• [TASK DIRECTIONS]: Nothing below is to be printed except the lines between the line holding "probability of \<open>k" and the line holding "split makes every latent binary.\<close>", inclusive, each exactly as it appears.

[Saved entries]
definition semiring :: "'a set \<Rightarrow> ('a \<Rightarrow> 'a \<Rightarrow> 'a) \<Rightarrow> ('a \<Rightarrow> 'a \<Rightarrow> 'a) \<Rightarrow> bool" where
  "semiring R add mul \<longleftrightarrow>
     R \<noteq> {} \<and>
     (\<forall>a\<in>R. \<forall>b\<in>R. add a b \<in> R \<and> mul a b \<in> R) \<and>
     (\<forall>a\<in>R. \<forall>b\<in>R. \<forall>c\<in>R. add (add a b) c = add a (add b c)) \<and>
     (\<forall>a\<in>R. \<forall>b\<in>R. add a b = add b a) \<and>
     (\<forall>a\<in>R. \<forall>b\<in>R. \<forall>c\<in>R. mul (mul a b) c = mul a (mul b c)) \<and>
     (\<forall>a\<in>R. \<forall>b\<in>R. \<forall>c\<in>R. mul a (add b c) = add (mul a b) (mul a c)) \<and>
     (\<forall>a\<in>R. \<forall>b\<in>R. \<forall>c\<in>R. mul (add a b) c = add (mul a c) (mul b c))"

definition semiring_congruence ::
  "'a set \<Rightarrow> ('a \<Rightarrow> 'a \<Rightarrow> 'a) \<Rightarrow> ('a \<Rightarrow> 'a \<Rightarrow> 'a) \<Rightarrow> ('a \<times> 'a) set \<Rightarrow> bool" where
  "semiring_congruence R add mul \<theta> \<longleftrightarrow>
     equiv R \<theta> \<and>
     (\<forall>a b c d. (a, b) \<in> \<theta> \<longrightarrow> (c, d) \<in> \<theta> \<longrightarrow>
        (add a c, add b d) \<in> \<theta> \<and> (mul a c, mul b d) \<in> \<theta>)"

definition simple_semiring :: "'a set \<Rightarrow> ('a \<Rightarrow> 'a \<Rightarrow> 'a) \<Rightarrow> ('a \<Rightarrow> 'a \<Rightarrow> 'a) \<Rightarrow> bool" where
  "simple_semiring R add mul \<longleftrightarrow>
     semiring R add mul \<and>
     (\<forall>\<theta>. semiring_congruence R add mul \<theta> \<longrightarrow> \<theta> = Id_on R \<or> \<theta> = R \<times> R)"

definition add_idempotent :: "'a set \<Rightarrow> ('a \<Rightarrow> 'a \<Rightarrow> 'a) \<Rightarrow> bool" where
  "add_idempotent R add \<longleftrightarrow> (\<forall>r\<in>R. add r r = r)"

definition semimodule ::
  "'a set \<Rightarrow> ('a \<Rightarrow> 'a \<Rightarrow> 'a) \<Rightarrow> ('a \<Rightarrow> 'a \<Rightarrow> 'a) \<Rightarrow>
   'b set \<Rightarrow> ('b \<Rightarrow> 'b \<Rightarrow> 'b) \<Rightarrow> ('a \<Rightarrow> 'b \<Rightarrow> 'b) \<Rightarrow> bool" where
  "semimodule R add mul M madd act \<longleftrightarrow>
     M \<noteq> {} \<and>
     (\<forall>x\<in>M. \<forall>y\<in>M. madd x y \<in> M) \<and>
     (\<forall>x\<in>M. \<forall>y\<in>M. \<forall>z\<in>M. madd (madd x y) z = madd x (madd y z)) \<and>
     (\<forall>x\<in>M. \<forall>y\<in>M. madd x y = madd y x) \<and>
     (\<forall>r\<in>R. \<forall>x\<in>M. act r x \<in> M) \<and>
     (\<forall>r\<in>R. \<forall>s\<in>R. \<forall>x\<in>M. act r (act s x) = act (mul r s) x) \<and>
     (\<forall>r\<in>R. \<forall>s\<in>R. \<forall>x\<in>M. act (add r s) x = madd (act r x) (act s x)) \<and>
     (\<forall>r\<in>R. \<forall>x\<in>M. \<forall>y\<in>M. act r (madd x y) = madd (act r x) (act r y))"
--
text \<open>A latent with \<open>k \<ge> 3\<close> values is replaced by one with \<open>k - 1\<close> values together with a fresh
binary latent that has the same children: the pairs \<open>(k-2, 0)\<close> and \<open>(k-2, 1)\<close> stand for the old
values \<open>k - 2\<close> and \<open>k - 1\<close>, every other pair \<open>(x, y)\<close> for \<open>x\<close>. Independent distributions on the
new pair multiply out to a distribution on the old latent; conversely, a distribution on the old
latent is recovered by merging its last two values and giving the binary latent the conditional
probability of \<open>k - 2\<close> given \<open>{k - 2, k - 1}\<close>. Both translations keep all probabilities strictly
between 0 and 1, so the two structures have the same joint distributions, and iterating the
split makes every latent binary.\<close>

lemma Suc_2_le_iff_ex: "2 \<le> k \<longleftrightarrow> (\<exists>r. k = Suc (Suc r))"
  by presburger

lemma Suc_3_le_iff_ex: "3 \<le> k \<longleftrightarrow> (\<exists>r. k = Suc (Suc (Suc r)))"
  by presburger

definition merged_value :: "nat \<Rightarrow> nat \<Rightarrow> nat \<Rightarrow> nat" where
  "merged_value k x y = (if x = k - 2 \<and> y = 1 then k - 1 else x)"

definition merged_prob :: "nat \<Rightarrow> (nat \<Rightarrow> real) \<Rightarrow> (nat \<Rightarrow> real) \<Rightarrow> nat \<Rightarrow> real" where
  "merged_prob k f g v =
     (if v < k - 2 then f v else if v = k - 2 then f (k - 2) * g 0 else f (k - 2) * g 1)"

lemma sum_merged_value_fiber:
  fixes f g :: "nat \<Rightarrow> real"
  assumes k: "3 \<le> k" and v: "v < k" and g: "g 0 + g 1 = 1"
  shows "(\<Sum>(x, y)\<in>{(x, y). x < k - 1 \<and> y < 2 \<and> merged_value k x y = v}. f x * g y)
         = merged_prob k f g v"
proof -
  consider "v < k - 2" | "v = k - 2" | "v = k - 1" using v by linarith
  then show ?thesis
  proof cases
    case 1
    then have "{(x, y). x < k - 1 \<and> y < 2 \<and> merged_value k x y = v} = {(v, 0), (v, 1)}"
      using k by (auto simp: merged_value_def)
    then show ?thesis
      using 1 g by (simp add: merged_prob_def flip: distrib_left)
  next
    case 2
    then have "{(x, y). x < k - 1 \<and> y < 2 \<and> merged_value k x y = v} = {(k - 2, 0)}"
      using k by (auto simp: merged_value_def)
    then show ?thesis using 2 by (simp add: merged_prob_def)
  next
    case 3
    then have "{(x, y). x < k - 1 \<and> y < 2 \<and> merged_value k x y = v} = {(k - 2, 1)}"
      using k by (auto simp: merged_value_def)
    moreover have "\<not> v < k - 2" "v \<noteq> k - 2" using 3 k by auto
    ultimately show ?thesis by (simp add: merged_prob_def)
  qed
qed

• [EXERCISE RESPONSE]:
probability of \<open>k - 2\<close> given \<open>{k - 2, k - 1}\<close>. Both translations keep all probabilities strictly
between 0 and 1, so the two structures have the same joint distributions, and iterating the
split makes every latent binary.\<close>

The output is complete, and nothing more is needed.